══ Input data ══
lemma
  assumes "case_prod g differentiable (at (a, b))" "case_prod k differentiable (at (a, b))"
  shows pd1_add: "pd1 (\<lambda>x y. g x y + k x y) a b = pd1 g a b + pd1 k a b"
    and pd2_add: "pd2 (\<lambda>x y. g x y + k x y) a b = pd2 g a b + pd2 k a b"
    and pd1_diff: "pd1 (\<lambda>x y. g x y - k x y) a b = pd1 g a b - pd1 k a b"
    and pd2_diff: "pd2 (\<lambda>x y. g x y - k x y) a b = pd2 g a b - pd2 k a b"
    and pd1_mult: "pd1 (\<lambda>x y. g x y * k x y) a b = pd1 g a b * k a b + g a b * pd1 k a b"
    and pd2_mult: "pd2 (\<lambda>x y. g x y * k x y) a b = pd2 g a b * k a b + g a b * pd2 k a b"
proof -
  note g = differentiable_at_pd(2,3)[OF assms(1)] and k = differentiable_at_pd(2,3)[OF assms(2)]
  show "pd1 (\<lambda>x y. g x y + k x y) a b = pd1 g a b + pd1 k a b"
    by (rule pd1_eqI) (rule DERIV_add[OF g(1) k(1)])
  show "pd2 (\<lambda>x y. g x y + k x y) a b = pd2 g a b + pd2 k a b"
    by (rule pd2_eqI) (rule DERIV_add[OF g(2) k(2)])
  show "pd1 (\<lambda>x y. g x y - k x y) a b = pd1 g a b - pd1 k a b"
    by (rule pd1_eqI) (rule DERIV_diff[OF g(1) k(1)])
  show "pd2 (\<lambda>x y. g x y - k x y) a b = pd2 g a b - pd2 k a b"
    by (rule pd2_eqI) (rule DERIV_diff[OF g(2) k(2)])
  show "pd1 (\<lambda>x y. g x y * k x y) a b = pd1 g a b * k a b + g a b * pd1 k a b"
    by (rule pd1_eqI) (use DERIV_mult[OF g(1) k(1)] in \<open>simp add: mult.commute\<close>)
  show "pd2 (\<lambda>x y. g x y * k x y) a b = pd2 g a b * k a b + g a b * pd2 k a b"
    by (rule pd2_eqI) (use DERIV_mult[OF g(2) k(2)] in \<open>simp add: mult.commute\<close>)
qed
═══
#### Your objective
Determine the number of lines above that include the word "commute"; the reply is that number only.

#### Result for this exercise
2